如何在python脚本中添加文件路径

Question

I have got a script that delves into a given directory recursively, digs out all files that have a specific file name and puts the contents of all the ones it finds into a single file. 我有一个脚本，可以递归地研究给定目录，挖掘出具有特定文件名的所有文件，并将找到的所有文件的内容放入单个文件中。

The script works as I need it to in terms of hunting the files and outputting all the contents to a single xml file. 在搜寻文件并将所有内容输出到单个xml文件方面，脚本可以按我的需要工作。 However I would like it to add in the file path as well so I know the location of each given file it has found. 但是我也想在文件路径中添加它，因此我知道它找到的每个给定文件的位置。 This is my code so far: 到目前为止这是我的代码：

import glob

lines=[] #list
for inputfile in glob.glob('D:\path\to\scan\**\project_information.xml', recursive=True): 
    with open ('D:\path\result\output.xml', 'w') as out_file:
        with open (inputfile, "rt") as in_file:  
            print("<projectpath>", inputfile, file=out_file)
            for line in in_file: 
                lines.append(line.rstrip('\n'))
            for linenum, line in enumerate(lines):
                print(line, file=out_file)

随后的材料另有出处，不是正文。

lemma pid_coeff_combination:
  fixes f :: "'a::idom poly"
  assumes "pid TYPE('a)"
  obtains c \<rho> where "c = (\<Sum>i\<le>degree f. \<rho> i * coeff f i)" "\<forall>i. c dvd coeff f i"
proof -
  define I where "I = {x. \<exists>\<rho>. x = (\<Sum>i\<le>degree f. \<rho> i * coeff f i)}"
  have "is_ideal I"
    unfolding is_ideal_def I_def
  proof (intro conjI ballI allI impI)
    show "0 \<in> {x. \<exists>\<rho>. x = (\<Sum>i\<le>degree f. \<rho> i * coeff f i)}" by (auto intro!: exI[of _ "\<lambda>_. 0"])
  next
    fix x y assume "x \<in> {x. \<exists>\<rho>. x = (\<Sum>i\<le>degree f. \<rho> i * coeff f i)}"
      "y \<in> {x. \<exists>\<rho>. x = (\<Sum>i\<le>degree f. \<rho> i * coeff f i)}"
    then obtain \<rho>1 \<rho>2 where "x = (\<Sum>i\<le>degree f. \<rho>1 i * coeff f i)" "y = (\<Sum>i\<le>degree f. \<rho>2 i * coeff f i)"
      by blast
    then show "x + y \<in> {x. \<exists>\<rho>. x = (\<Sum>i\<le>degree f. \<rho> i * coeff f i)}"
      by (auto intro!: exI[of _ "\<lambda>i. \<rho>1 i + \<rho>2 i"] simp: sum.distrib distrib_right)
  next
    fix r x assume "x \<in> {x. \<exists>\<rho>. x = (\<Sum>i\<le>degree f. \<rho> i * coeff f i)}"
    then obtain \<rho> where "x = (\<Sum>i\<le>degree f. \<rho> i * coeff f i)" by blast
    then show "r * x \<in> {x. \<exists>\<rho>. x = (\<Sum>i\<le>degree f. \<rho> i * coeff f i)}"
      by (auto intro!: exI[of _ "\<lambda>i. r * \<rho> i"] simp: sum_distrib_left mult.assoc)
  qed
  then obtain c where c: "I = {r * c | r. True}" using pid_principal[OF assms] by blast
  have "c \<in> I" using c by (auto intro!: exI[of _ 1])
  then obtain \<rho> where \<rho>: "c = (\<Sum>i\<le>degree f. \<rho> i * coeff f i)" unfolding I_def by blast
  have "coeff f j \<in> I" for j
  proof (cases "j \<le> degree f")
    case True
    have "(\<Sum>i\<le>degree f. (if i = j then 1 else 0) * coeff f i)
        = (\<Sum>i\<le>degree f. if i = j then coeff f i else 0)"
      by (rule sum.cong) auto
    then have "coeff f j = (\<Sum>i\<le>degree f. (if i = j then 1 else 0) * coeff f i)"
      using True by simp
    then show ?thesis unfolding I_def by (intro CollectI exI[of _ "\<lambda>i. if i = j then 1 else 0"])
  next
    case False
    then show ?thesis using \<open>is_ideal I\<close> by (simp add: coeff_eq_0 is_ideal_def)
  qed
  then have "\<forall>i. c dvd coeff f i" unfolding c by (auto simp: mult.commute[of _ c] intro: dvdI)
  with \<rho> show ?thesis by (rule that)
qed
lemma sq_step_block_word_cases:
  assumes "sorted_wrt (<) xs" "sq_step (block_word xs) w"
  obtains xs1 x xs2 where "xs = xs1 @ x # xs2" "xs2 \<noteq> []" "x = 0 \<or> xs1 \<noteq> []"
    "w = block_word (xs1 @ xs2)"
proof -
  have "distinct ([0] # map block xs)"
    using assms(1) inj_block first_block_neq_block
    by (auto simp: distinct_map strict_sorted_iff inj_on_def)
  moreover have "\<forall>b \<in> set ([0] # map block xs). 3 \<notin> set b"
    using set_block by fastforce
  moreover have "\<forall>b \<in> set ([0] # map block xs). square_free b"
    using square_free_block by (auto simp: square_free_def Cons_eq_append_conv)
  ultimately obtain bs1 B bs2 where bs: "[0] # map block xs = bs1 @ B # bs2"
    and "bs1 \<noteq> []" "bs2 \<noteq> []" and rem: "removable (last bs1) B (hd bs2)"
    and w: "w = join_with 3 (bs1 @ bs2)"
    using sq_step_join_with_cases assms(2) unfolding block_word_def by metis
  then obtain bs1' where "bs1 = [0] # bs1'" by (cases bs1) auto
  with bs obtain xs1 x xs2 where xs: "xs = xs1 @ x # xs2" and bs1: "bs1 = [0] # map block xs1"
    and B: "B = block x" and bs2: "bs2 = map block xs2"
    by (auto simp: map_eq_append_conv)
  show ?thesis
  proof (rule that [OF xs])
    show "xs2 \<noteq> []" using \<open>bs2 \<noteq> []\<close> bs2 by simp
    then have "x < hd xs2" using assms(1) xs by (cases xs2) (simp_all add: sorted_wrt_append)
    then show "x = 0 \<or> xs1 \<noteq> []"
      using rem removable_block_iff [of x "hd xs2" xs1] \<open>xs2 \<noteq> []\<close>
      by (simp add: bs1 B bs2 hd_map)
    show "w = block_word (xs1 @ xs2)" using w by (simp add: block_word_def bs1 bs2)
  qed
qed

lemma square_free_block_word_iff:
  assumes "sorted_wrt (<) xs"
  shows "square_free (block_word xs) \<longleftrightarrow> length xs \<le> 1 \<or> (\<exists>i m. xs = [i, m] \<and> i \<noteq> 0)"
proof
  assume sf: "square_free (block_word xs)"
  consider "length xs \<le> 1" | a b where "xs = [a, b]" | a b c ys where "xs = a # b # c # ys"
    by (cases xs; cases "tl xs"; cases "tl (tl xs)") auto
  then show "length xs \<le> 1 \<or> (\<exists>i m. xs = [i, m] \<and> i \<noteq> 0)"
  proof cases
    case (2 a b)
    have "a \<noteq> 0"
    proof
      assume "a = 0"
      then have "sq_step (block_word xs) (block_word [b])"
        using sq_step_block_word [of "[b]" a "[]"] assms 2 by simp
      with sf show False by (simp add: square_free_iff_no_sq_step)
    qed
    with 2 show ?thesis by simp
  next
    case (3 a b c ys)
    then have "sq_step (block_word xs) (block_word (a # c # ys))"
      using sq_step_block_word [of "c # ys" b "[a]"] assms by simp
    with sf show ?thesis by (simp add: square_free_iff_no_sq_step)
  qed simp
next
  assume "length xs \<le> 1 \<or> (\<exists>i m. xs = [i, m] \<and> i \<noteq> 0)"
  then show "square_free (block_word xs)"
    unfolding square_free_iff_no_sq_step
    by (auto elim!: sq_step_block_word_cases [OF assms] simp: Cons_eq_append_conv append_eq_Cons_conv)
qed

lemma reachable_block_word:
  assumes "sq_step\<^sup>*\<^sup>* (block_word xs) w" "sorted_wrt (<) xs" "xs \<noteq> []"
  shows "\<exists>ys. w = block_word ys \<and> sorted_wrt (<) ys \<and> ys \<noteq> [] \<and> last ys = last xs"
  using assms(1)
proof (induction rule: rtranclp_induct)
  case base
  show ?case using assms(2,3) by blast
next
  case (step w w')
  then obtain ys where ys: "w = block_word ys" "sorted_wrt (<) ys" "ys \<noteq> []" "last ys = last xs"
    by blast
  obtain ys1 y ys2 where "ys = ys1 @ y # ys2" "ys2 \<noteq> []" "w' = block_word (ys1 @ ys2)"
    using sq_step_block_word_cases [OF ys(2)] step.hyps(2) ys(1) by metis
  with ys show ?case by (auto simp: sorted_wrt_append)
qed
(* Let $A_{\mathbbm{1}}$ be the matrix of the quadratic form $q_{\mathbbm{1}}$ on the space of polynomials of degree at most $1$ on $\mathbb{R}^{n(n-1)/2}$, in the monomial basis $\{1\}\cup\{x_{ij}\}$, where $\mathbbm{1}(x)=1$ for all $x\in X$; identify a polynomial of degree at most $1$ with its coefficient vector. Then for any $1\le i\le n$, $2-\sum_{j\ne i}x_{ij}$ is an eigenvector of $A_{\mathbbm{1}}$ with eigenvalue $0$, and for any distinct $\alpha,\beta,\gamma,\delta\in\{1,\dotsc,n\}$, $x_{\alpha\beta}-x_{\beta\gamma}+x_{\gamma\delta}-x_{\delta\alpha}$ is an eigenvector of $A_{\mathbbm{1}}$ with eigenvalue $\frac{2}{n-1}$.
   Context: Let $N=n(n-1)/2$, coordinates of $\mathbb{R}^N$ indexed by unordered pairs $\{i,j\}$ of distinct elements of $\{1,\dotsc,n\}$, written $x_{ij}=x_{ji}$. Let $X\subset\mathbb{R}^N$ be the set of incidence vectors of Hamiltonian cycles of $K_n$. For $f:X\to\mathbb{R}$, $q_f(h)=\frac{1}{|X|}\sum_{x\in X}f(x)h(x)^2$, and its matrix in the monomial basis has entry indexed by monomials $\mu,\nu$ equal to $\frac{1}{|X|}\sum_{x\in X}f(x)\mu(x)\nu(x)$. *)

theory Defs
  imports Complex_Main
begin
definition shell_complete :: "(nat \<Rightarrow> nat \<Rightarrow> (bool list \<Rightarrow> bool list) set) \<Rightarrow> bool" where
  "shell_complete A \<longleftrightarrow>
     (\<forall>p\<ge>2. \<forall>n. bij_betw (cosk_unit A n) (A n p) (psh_hom A {0,1} n p))"

text \<open>The dimension-0 component of a map x, viewed via A([0],[n]) = [n] as a set map [p] \<rightarrow> [q]:
  a vertex v corresponds to the map [0] \<rightarrow> [p] with value v.\<close>
definition vertex_map ::
  "nat \<Rightarrow> (nat \<Rightarrow> (bool list \<Rightarrow> bool list) \<Rightarrow> (bool list \<Rightarrow> bool list)) \<Rightarrow> bool list \<Rightarrow> bool list" where
  "vertex_map p x = (\<lambda>v\<in>cube p. x 0 (\<lambda>u\<in>cube 0. v) [])"

end

theory Submission
  imports Defs
begin

text \<open>
  A map of A-sets into a representable A[q], defined on a subpresheaf of A[n] that contains the
  vertices, is determined by what it does to vertices: by naturality along the vertex inclusions
  [0] \<rightarrow> [k], every component is postcomposition with the induced set map [n] \<rightarrow> [q]. Hence such a
  map extends (necessarily uniquely) to A[n] exactly when this vertex map is a morphism of A, which
  gives (2) \<Longleftrightarrow> (3), and the canonical map to the 1-coskeleton is always injective. For surjectivity
  under (2), a map from the 1-truncation of A[n] has vertex maps in A after pulling back along every
  g : [k] \<rightarrow> [n] with k < n (by induction on n), so it defines a map on \<partial>A[n], whose vertex map
  lies in A by (2).
\<close>

definition point :: "bool list \<Rightarrow> bool list \<Rightarrow> bool list" where
  "point v = (\<lambda>u\<in>cube 0. v)"

definition postcomp ::
  "(nat \<Rightarrow> nat \<Rightarrow> (bool list \<Rightarrow> bool list) set) \<Rightarrow> nat set \<Rightarrow> nat \<Rightarrow> (bool list \<Rightarrow> bool list)
     \<Rightarrow> (nat \<Rightarrow> (bool list \<Rightarrow> bool list) \<Rightarrow> (bool list \<Rightarrow> bool list))" where
  "postcomp A D n \<phi> = (\<lambda>k\<in>D. \<lambda>g\<in>A k n. compose (cube k) \<phi> g)"

definition pullback ::
  "(nat \<Rightarrow> nat \<Rightarrow> (bool list \<Rightarrow> bool list) set) \<Rightarrow> nat set \<Rightarrow> nat \<Rightarrow> (bool list \<Rightarrow> bool list)
     \<Rightarrow> (nat \<Rightarrow> (bool list \<Rightarrow> bool list) \<Rightarrow> (bool list \<Rightarrow> bool list))
     \<Rightarrow> (nat \<Rightarrow> (bool list \<Rightarrow> bool list) \<Rightarrow> (bool list \<Rightarrow> bool list))" where
  "pullback A D k g t = (\<lambda>j\<in>D. \<lambda>h\<in>A j k. t j (compose (cube j) g h))"

lemma cube_0: "cube 0 = {[]}"
  by (auto simp: cube_def)

lemma vertex_map_eq: "vertex_map n t = (\<lambda>v\<in>cube n. t 0 (point v) [])"
  by (simp add: vertex_map_def point_def)

lemma vertex_map_extensional: "vertex_map n t \<in> extensional (cube n)"
  by (simp add: vertex_map_def)

lemma cosk_unit_eq_postcomp: "cosk_unit A n f = postcomp A {0,1} n f"
  by (simp add: cosk_unit_def postcomp_def)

Each project_information.xml the script looks for looks like the below: 脚本查找的每个project_information.xml如下所示：

<project>
<name>project1</name>
<Projection>UTM84-30N</Projection>
<Build>Jan 30 2015</Build>
</project>

Ideally for every entry that is found and subsequently added to my output I would like it write the file path within the tag. 理想情况下，对于找到的每个条目，然后将其添加到我的输出中，我希望它在标记中写入文件路径。 (You may have guess this is an XML table to go in to Excel) for example - （您可能会猜想这是要插入Excel的XML表），例如-

<project>
**<filepath>C:\path\to\file\**
<name>project1</name>
<Projection>UTM84-30N</Projection>
<Build>Jan 30 2015</Build>
</project>
<project>
**<filepath>C:\path\to\file\blah\**
<name>project2</name>
<Projection>UTM84-30N</Projection>
<Build>Jan 30 2015</Build>
</project>

I thought adding a line after the with statement would do it but that only appears to print the first occurrence and not get in the loop - Not only that even if that did work, it wouldn't be within the parent tag. 我以为在with语句之后添加一行会做到这一点，但这似乎只显示第一次出现的内容，而不会进入循环-不仅如此，即使它确实起作用，也不会在父标记内。

print("<projectpath>", inputfile, file=out_file)

Pretty new to python so any suggestions or changes to my crude code are very much appreciated! python非常新，因此非常感谢我对原始代码的任何建议或更改！

############UPDATE ############ UPDATE

So as @olinox14 suggested I had a look at the lxml module and got it to add a new tag in with that. 因此，正如@ olinox14建议的那样，我查看了lxml模块，并在其中添加了一个新标签。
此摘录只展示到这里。